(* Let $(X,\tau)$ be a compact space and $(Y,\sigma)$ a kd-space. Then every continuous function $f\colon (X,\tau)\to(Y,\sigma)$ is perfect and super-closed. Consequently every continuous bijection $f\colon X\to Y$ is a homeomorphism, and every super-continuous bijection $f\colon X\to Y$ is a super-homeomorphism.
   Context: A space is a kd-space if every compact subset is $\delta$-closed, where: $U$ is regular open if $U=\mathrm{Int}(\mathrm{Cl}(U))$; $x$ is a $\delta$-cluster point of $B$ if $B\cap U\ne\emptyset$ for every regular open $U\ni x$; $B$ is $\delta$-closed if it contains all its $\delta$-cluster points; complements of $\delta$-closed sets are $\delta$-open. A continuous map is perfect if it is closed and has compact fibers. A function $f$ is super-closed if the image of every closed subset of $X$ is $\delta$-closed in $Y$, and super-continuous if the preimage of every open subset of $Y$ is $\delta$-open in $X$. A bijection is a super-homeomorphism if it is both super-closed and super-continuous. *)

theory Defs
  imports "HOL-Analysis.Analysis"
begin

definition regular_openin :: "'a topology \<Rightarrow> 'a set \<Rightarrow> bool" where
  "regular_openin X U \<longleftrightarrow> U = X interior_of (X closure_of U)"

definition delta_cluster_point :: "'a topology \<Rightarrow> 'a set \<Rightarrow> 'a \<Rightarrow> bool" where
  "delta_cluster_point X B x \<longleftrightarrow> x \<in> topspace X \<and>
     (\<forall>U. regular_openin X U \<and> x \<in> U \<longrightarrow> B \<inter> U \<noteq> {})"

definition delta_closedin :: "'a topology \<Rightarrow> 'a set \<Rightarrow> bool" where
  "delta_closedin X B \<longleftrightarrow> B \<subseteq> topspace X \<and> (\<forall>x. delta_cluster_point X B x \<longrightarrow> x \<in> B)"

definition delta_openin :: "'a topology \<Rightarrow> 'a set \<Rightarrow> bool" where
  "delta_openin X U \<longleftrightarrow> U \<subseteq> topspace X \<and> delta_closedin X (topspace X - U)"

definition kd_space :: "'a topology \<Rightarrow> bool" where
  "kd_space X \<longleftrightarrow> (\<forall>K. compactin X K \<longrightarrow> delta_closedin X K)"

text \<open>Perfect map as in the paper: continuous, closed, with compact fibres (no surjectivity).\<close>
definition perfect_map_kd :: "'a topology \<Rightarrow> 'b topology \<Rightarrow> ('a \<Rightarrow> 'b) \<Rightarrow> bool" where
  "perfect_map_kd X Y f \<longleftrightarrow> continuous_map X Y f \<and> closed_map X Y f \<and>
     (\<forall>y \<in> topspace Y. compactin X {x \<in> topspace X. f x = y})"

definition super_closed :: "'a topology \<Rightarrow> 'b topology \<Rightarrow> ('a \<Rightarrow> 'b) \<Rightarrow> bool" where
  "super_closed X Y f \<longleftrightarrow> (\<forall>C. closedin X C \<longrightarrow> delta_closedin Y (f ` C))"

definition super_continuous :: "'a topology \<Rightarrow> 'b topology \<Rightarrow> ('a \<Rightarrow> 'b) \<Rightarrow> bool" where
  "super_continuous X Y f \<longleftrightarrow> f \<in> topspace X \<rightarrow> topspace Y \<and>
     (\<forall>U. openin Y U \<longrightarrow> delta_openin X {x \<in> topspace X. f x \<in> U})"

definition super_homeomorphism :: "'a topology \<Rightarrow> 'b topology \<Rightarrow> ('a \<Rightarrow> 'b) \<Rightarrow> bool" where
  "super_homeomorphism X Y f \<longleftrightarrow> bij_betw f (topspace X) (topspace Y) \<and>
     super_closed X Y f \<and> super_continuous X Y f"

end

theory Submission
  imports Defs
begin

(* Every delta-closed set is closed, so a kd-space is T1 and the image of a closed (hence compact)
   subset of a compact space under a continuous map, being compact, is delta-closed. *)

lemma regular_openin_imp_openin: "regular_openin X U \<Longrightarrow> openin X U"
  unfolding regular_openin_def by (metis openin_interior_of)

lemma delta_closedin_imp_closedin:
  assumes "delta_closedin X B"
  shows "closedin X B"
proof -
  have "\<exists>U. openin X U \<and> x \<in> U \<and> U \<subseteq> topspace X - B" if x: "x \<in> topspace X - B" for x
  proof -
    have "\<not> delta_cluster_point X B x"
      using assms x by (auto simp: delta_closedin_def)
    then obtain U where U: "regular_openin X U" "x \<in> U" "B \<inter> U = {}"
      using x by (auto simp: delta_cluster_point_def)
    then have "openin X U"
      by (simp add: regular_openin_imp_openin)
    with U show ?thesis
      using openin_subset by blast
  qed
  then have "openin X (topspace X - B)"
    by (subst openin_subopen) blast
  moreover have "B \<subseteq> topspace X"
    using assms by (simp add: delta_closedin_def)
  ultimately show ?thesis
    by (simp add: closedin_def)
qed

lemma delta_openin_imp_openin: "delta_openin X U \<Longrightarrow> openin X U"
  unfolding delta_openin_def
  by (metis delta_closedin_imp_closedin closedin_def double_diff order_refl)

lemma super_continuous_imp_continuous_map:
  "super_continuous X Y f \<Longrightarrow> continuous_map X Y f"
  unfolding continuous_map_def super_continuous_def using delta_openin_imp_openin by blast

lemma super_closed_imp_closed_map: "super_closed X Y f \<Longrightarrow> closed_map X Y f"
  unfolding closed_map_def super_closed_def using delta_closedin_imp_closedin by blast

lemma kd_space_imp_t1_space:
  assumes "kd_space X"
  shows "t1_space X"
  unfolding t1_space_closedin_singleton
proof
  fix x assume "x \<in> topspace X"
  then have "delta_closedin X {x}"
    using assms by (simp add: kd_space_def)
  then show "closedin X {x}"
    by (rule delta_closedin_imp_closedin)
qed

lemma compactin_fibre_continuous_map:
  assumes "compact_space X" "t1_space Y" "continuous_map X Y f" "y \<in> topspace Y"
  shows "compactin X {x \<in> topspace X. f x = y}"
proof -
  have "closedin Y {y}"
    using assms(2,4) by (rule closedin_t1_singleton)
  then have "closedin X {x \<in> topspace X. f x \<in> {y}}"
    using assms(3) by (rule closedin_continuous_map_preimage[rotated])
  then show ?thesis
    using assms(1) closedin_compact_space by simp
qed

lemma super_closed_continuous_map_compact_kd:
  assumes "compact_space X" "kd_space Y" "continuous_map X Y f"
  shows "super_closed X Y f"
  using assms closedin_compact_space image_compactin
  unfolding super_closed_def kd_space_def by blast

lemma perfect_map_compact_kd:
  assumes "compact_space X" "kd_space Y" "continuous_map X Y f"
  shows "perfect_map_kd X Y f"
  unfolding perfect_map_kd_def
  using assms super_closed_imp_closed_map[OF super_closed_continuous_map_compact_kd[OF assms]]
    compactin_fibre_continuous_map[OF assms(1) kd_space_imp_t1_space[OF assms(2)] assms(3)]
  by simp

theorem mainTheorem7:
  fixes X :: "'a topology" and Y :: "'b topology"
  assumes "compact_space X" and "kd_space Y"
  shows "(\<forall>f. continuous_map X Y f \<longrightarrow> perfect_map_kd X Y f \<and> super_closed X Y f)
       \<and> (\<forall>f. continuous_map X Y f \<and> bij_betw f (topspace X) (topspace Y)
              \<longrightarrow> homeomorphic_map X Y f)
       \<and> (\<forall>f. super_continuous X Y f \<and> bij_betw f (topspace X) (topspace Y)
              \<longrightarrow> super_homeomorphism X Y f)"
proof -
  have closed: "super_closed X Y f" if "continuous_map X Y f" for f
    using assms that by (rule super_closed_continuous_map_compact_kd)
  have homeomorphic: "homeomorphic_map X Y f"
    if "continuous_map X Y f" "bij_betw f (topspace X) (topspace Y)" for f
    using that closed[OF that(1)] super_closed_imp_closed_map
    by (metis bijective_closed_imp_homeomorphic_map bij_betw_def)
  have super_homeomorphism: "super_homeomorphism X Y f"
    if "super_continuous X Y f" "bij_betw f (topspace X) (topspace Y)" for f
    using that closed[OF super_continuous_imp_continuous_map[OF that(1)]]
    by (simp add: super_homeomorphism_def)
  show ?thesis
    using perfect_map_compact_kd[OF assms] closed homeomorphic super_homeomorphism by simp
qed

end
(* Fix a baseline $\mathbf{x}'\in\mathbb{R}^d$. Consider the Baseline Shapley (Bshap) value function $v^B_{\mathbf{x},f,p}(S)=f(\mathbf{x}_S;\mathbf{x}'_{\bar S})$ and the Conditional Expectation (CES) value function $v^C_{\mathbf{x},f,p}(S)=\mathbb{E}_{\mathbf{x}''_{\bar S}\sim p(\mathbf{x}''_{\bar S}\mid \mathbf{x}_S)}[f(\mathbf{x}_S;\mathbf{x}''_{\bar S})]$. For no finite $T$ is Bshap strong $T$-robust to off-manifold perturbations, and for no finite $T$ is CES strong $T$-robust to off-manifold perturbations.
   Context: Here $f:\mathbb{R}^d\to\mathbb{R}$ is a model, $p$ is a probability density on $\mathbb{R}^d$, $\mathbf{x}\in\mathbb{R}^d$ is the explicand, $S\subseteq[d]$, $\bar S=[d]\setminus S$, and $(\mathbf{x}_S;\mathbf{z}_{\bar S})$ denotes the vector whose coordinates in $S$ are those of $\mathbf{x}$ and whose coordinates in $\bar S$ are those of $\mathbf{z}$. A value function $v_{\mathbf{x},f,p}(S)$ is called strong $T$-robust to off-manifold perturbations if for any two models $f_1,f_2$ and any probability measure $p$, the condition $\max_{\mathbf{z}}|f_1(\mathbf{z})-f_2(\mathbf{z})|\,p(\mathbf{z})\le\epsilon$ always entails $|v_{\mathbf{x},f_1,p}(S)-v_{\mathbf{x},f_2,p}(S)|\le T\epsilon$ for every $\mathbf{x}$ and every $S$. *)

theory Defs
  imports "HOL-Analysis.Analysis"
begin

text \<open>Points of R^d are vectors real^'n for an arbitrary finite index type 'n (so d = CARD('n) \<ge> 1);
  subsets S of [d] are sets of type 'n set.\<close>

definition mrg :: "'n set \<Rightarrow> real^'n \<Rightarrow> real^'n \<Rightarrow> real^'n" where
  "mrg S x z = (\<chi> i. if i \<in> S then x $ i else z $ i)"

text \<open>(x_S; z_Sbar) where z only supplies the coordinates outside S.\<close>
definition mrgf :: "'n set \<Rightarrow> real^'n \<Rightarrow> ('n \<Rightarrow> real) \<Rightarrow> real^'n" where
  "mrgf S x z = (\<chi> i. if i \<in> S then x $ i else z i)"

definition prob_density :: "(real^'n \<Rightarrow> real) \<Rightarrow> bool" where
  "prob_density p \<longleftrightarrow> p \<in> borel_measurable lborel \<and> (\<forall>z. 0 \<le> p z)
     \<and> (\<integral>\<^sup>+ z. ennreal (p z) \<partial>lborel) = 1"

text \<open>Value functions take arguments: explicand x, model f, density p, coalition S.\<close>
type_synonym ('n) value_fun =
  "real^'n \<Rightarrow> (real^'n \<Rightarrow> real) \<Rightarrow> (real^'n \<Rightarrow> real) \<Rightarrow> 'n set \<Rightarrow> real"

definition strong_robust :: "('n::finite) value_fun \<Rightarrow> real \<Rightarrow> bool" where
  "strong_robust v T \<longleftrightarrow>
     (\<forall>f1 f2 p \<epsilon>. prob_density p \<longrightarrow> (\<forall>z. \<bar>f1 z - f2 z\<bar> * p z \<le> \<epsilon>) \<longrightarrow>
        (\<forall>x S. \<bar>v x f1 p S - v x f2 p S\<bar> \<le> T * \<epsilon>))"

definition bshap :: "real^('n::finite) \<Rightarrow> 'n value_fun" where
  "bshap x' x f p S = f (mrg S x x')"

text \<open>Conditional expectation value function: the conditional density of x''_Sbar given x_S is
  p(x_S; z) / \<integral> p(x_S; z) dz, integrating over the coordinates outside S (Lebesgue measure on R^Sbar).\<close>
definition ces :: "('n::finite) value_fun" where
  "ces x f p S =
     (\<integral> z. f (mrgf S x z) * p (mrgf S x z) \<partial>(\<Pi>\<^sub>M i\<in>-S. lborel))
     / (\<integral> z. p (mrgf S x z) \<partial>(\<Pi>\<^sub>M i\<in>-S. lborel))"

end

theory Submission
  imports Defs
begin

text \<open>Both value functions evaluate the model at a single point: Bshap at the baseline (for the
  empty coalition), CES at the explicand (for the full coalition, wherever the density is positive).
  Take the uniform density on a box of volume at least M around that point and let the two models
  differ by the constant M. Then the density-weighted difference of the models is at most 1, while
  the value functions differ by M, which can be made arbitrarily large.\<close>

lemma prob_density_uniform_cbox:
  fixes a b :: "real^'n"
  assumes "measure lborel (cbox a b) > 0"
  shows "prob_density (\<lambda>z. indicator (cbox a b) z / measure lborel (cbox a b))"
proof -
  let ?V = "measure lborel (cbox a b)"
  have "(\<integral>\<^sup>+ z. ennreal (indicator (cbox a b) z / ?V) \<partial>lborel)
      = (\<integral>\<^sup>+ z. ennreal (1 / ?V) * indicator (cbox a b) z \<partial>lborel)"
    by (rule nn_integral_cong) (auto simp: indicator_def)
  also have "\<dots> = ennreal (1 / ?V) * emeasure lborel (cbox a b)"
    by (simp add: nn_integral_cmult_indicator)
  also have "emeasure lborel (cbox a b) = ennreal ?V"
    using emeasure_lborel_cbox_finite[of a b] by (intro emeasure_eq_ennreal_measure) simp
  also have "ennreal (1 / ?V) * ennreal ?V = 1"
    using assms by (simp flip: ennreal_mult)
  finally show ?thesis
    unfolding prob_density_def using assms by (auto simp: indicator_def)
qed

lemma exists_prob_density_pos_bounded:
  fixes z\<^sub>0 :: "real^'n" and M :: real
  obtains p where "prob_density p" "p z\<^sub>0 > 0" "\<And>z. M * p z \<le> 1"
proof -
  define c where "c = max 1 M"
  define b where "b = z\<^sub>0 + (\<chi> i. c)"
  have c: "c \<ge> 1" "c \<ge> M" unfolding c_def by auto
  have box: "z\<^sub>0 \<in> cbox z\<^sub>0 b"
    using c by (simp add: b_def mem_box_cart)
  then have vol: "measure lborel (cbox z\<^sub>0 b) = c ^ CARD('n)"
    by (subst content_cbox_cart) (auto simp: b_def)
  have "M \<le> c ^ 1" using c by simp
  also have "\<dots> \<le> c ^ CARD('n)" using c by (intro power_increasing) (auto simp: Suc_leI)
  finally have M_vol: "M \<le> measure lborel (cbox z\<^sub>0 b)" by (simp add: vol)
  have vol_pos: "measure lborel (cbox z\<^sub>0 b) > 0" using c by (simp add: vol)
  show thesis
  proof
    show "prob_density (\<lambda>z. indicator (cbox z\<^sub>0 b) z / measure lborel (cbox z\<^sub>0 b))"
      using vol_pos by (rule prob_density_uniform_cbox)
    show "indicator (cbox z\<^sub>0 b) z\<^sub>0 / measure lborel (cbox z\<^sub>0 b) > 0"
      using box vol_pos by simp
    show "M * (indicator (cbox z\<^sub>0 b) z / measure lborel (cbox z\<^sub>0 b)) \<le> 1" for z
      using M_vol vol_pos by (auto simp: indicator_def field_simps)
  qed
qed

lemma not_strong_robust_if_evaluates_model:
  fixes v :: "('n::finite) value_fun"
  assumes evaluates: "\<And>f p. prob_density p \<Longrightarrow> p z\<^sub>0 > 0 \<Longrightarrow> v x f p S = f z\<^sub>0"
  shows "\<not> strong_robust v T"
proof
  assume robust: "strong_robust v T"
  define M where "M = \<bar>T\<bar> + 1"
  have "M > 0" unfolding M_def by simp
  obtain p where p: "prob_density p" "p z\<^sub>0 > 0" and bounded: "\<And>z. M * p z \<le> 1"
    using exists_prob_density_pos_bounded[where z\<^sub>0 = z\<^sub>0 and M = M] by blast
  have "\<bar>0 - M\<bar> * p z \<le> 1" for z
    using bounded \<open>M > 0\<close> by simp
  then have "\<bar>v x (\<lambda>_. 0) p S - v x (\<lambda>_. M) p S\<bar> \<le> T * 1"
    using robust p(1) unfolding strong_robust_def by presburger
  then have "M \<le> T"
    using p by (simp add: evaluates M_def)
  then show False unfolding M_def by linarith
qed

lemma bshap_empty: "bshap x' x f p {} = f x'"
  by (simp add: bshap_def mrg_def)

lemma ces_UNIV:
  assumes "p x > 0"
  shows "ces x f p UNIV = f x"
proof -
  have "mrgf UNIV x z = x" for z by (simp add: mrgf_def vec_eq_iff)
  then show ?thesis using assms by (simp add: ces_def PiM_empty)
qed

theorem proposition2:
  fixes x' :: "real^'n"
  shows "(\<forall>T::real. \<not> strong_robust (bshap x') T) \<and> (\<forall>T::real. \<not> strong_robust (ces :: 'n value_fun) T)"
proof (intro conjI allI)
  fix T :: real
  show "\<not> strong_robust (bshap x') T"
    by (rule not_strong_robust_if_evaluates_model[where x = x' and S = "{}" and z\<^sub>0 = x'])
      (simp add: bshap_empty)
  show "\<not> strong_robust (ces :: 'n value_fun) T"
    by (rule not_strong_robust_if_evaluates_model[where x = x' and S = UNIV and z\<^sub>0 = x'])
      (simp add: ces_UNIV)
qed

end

-- About this exercise --
From the records above, transcribe exactly the run of lines that opens with the line holding "using that closed[OF that(1)]" and closes with the line holding "using that closed[OF super_continuous_imp_continuous_map[OF", both included.

-- Answer box --
    using that closed[OF that(1)] super_closed_imp_closed_map
    by (metis bijective_closed_imp_homeomorphic_map bij_betw_def)
  have super_homeomorphism: "super_homeomorphism X Y f"
    if "super_continuous X Y f" "bij_betw f (topspace X) (topspace Y)" for f
    using that closed[OF super_continuous_imp_continuous_map[OF that(1)]]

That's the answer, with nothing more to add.